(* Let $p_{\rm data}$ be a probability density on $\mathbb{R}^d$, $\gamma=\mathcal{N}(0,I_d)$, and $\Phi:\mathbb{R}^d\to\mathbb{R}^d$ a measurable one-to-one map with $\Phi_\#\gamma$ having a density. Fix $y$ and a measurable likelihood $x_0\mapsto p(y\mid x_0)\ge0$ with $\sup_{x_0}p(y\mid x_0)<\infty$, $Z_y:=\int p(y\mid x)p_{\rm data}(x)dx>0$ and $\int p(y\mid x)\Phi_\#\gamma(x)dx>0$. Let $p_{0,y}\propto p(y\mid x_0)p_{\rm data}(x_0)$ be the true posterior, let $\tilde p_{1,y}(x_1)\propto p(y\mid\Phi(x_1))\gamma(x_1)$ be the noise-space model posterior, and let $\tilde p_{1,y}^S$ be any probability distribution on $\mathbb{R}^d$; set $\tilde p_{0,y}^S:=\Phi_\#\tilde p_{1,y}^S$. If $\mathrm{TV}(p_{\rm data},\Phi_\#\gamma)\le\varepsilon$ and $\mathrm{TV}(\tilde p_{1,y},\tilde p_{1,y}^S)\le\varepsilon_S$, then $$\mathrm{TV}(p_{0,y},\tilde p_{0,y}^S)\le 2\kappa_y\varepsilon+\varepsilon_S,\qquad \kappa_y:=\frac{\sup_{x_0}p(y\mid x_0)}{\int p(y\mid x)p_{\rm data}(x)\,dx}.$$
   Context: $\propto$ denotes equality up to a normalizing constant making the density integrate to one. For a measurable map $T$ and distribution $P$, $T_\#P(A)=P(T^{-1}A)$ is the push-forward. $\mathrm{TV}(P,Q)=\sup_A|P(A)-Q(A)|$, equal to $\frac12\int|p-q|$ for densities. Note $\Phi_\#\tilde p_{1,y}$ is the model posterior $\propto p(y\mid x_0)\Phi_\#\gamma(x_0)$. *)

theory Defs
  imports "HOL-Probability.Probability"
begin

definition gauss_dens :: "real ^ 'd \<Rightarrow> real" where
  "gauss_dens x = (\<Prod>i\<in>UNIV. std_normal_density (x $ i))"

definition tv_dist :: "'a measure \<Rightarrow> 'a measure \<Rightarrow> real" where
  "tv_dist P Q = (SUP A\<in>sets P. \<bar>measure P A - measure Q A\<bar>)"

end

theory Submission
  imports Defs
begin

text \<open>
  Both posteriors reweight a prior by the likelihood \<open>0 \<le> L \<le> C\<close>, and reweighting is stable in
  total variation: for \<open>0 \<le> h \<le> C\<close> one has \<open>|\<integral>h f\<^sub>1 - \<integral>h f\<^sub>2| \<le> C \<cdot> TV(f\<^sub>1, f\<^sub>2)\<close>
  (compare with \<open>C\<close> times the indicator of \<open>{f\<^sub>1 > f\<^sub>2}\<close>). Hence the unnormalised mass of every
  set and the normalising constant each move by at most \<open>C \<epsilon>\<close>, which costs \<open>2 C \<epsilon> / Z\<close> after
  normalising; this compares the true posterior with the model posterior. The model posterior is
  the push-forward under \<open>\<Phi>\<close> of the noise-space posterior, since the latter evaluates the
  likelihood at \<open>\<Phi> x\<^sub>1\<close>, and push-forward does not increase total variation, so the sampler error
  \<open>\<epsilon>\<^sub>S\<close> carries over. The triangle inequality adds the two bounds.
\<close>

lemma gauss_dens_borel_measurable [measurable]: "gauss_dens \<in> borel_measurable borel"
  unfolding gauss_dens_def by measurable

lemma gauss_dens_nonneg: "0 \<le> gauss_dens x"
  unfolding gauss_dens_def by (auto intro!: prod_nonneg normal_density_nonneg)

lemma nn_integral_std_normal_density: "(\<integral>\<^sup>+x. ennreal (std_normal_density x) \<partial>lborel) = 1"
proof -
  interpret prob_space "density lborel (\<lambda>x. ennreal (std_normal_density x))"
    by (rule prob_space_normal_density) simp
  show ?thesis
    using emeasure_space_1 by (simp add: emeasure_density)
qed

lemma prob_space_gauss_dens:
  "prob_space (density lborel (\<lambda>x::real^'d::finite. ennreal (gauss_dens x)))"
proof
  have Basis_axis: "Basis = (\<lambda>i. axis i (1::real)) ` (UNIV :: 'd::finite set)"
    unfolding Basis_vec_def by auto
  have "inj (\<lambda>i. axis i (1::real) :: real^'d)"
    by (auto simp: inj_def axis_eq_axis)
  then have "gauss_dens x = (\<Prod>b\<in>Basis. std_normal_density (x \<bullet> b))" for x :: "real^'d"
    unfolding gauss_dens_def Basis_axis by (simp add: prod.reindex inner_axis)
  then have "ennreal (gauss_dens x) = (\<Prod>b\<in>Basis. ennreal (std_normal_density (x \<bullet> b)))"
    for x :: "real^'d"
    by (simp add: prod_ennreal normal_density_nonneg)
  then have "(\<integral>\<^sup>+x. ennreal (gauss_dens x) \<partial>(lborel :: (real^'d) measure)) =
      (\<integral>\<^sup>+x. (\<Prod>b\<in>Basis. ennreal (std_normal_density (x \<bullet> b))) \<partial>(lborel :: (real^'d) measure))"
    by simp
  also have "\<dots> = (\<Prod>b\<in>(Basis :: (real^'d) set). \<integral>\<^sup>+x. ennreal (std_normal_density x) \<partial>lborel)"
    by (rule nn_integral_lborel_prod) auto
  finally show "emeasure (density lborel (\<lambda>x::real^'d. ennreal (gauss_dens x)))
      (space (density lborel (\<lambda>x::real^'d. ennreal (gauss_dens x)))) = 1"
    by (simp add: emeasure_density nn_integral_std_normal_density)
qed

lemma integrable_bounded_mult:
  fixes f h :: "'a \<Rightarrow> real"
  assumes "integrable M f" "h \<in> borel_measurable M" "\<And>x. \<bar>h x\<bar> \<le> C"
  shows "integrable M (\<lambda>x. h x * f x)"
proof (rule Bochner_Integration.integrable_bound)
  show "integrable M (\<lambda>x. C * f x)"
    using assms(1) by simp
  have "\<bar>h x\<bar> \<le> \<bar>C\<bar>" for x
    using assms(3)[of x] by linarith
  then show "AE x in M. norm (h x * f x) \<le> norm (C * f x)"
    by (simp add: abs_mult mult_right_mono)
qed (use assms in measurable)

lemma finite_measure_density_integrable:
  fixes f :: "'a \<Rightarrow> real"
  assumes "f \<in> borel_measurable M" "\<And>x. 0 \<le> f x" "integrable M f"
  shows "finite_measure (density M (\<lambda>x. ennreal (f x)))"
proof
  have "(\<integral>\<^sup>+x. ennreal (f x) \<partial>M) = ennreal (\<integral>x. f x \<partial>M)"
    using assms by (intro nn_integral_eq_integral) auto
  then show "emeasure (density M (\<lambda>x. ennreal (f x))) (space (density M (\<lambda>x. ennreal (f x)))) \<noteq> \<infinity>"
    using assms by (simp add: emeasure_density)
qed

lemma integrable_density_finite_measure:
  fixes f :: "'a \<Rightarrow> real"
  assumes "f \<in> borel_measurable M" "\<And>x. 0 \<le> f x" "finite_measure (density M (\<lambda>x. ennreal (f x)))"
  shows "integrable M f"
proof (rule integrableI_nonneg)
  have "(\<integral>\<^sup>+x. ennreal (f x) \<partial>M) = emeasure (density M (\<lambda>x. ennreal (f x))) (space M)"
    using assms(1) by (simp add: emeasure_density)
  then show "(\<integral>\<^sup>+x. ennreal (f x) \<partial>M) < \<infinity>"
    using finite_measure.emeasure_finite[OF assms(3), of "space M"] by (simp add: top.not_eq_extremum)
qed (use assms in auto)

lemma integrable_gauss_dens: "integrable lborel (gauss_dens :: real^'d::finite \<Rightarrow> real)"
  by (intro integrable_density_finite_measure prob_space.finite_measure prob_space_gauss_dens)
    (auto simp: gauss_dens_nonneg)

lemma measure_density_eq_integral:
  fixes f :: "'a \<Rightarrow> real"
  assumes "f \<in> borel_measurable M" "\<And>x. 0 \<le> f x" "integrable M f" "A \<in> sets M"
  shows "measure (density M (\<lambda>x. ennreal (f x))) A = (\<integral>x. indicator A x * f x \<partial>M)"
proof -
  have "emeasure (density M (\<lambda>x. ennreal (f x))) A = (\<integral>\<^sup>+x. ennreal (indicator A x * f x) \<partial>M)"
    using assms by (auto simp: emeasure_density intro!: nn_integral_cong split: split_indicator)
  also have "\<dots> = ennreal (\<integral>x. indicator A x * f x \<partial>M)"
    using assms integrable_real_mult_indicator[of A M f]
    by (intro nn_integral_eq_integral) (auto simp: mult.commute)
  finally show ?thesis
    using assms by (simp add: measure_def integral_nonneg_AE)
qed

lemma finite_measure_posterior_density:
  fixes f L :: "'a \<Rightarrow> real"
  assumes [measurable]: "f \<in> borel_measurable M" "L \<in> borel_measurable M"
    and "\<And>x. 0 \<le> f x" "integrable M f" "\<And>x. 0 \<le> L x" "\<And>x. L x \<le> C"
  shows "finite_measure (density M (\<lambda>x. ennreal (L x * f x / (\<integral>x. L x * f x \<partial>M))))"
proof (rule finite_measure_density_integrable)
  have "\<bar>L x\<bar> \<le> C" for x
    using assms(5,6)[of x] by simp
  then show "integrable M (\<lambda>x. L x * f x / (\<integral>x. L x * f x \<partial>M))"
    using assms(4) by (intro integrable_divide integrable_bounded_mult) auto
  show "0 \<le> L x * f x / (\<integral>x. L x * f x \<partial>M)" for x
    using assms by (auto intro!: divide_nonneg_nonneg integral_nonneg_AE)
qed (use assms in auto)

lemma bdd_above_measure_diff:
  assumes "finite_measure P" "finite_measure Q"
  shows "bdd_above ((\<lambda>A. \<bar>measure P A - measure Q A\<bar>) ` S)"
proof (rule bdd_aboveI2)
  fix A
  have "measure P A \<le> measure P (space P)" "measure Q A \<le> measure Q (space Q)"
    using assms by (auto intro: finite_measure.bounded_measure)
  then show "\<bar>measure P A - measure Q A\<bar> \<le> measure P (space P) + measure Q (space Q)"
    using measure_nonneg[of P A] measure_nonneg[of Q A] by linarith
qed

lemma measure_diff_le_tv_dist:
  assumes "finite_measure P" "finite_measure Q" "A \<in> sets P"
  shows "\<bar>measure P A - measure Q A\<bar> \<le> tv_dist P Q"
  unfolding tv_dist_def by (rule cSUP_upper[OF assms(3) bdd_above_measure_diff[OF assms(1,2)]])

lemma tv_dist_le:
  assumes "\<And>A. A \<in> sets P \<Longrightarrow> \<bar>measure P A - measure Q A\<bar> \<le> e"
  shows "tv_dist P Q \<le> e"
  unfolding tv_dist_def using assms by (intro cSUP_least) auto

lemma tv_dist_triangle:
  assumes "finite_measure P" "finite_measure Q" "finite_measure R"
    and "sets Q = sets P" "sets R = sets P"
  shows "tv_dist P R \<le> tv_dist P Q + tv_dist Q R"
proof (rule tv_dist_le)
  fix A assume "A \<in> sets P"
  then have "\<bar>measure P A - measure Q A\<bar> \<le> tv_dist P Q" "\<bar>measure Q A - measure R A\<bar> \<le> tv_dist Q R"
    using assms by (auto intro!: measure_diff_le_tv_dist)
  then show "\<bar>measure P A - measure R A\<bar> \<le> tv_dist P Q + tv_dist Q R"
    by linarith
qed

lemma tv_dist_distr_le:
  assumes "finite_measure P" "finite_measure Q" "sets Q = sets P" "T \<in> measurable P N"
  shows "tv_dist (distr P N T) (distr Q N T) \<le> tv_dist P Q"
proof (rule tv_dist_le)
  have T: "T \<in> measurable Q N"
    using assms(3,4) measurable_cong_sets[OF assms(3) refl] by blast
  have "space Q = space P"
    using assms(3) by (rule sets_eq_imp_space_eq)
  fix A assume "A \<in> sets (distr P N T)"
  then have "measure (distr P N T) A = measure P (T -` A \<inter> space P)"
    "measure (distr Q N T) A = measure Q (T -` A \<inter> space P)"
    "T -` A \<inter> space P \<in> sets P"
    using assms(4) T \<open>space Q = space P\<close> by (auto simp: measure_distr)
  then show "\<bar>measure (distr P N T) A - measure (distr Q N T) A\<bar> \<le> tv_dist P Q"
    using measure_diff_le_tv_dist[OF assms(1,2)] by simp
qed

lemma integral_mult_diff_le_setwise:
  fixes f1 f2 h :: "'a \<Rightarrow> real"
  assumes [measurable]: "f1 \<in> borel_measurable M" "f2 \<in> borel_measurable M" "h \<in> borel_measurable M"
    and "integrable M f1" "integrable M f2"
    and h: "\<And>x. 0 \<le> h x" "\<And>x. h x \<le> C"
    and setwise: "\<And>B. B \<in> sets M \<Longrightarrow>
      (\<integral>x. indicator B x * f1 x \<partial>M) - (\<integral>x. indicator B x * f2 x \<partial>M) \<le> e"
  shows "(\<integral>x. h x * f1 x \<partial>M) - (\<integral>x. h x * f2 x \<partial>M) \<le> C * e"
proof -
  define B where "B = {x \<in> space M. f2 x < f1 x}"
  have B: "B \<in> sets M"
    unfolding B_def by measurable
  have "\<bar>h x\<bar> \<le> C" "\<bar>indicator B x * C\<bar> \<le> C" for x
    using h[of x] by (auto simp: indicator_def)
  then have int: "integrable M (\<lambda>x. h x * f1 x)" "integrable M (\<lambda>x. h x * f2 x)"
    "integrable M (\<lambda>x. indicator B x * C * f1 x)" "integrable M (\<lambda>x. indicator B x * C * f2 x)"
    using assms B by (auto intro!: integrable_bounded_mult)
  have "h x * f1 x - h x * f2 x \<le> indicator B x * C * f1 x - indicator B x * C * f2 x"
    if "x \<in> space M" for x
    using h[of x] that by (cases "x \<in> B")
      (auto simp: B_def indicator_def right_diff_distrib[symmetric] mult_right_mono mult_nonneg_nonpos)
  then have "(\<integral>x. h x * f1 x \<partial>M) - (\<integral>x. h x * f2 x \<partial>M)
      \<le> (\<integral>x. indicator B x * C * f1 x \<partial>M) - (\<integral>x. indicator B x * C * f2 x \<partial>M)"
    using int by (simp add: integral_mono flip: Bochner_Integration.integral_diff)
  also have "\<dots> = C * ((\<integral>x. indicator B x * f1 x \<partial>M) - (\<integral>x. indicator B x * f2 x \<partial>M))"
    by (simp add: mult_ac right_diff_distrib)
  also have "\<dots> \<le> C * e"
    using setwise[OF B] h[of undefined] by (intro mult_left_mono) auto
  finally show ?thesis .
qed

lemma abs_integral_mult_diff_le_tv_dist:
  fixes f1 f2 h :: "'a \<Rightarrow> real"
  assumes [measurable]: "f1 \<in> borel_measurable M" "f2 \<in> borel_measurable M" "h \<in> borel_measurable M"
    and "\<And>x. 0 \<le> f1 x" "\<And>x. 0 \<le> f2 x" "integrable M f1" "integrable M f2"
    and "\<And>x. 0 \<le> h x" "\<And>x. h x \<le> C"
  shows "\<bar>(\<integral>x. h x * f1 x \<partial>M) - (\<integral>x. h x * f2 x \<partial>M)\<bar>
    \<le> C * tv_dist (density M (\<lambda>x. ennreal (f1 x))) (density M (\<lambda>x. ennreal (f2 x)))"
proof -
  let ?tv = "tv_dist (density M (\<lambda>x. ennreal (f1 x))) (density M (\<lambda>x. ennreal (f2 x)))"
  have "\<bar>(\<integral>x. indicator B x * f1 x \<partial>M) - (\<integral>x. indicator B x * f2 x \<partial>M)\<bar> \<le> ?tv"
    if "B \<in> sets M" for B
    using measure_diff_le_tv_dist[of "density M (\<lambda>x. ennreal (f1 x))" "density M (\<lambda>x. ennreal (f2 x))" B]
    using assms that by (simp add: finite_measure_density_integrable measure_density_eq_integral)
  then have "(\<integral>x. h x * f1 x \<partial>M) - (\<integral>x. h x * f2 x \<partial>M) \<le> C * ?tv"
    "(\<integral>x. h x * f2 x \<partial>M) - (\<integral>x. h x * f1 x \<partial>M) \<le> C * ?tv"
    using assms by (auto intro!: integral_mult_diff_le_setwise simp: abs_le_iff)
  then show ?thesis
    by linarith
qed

------

(HOW TO COMPLETE THIS TASK):
Set down exactly the lines of the data above, beginning with the line that has "imports Defs" and ending with the line that has "unfolding gauss_dens_def by measurable", and no others.

(ANSWER SPACE):
  imports Defs
begin

text \<open>
  Both posteriors reweight a prior by the likelihood \<open>0 \<le> L \<le> C\<close>, and reweighting is stable in
  total variation: for \<open>0 \<le> h \<le> C\<close> one has \<open>|\<integral>h f\<^sub>1 - \<integral>h f\<^sub>2| \<le> C \<cdot> TV(f\<^sub>1, f\<^sub>2)\<close>
  (compare with \<open>C\<close> times the indicator of \<open>{f\<^sub>1 > f\<^sub>2}\<close>). Hence the unnormalised mass of every
  set and the normalising constant each move by at most \<open>C \<epsilon>\<close>, which costs \<open>2 C \<epsilon> / Z\<close> after
  normalising; this compares the true posterior with the model posterior. The model posterior is
  the push-forward under \<open>\<Phi>\<close> of the noise-space posterior, since the latter evaluates the
  likelihood at \<open>\<Phi> x\<^sub>1\<close>, and push-forward does not increase total variation, so the sampler error
  \<open>\<epsilon>\<^sub>S\<close> carries over. The triangle inequality adds the two bounds.
\<close>

lemma gauss_dens_borel_measurable [measurable]: "gauss_dens \<in> borel_measurable borel"
  unfolding gauss_dens_def by measurable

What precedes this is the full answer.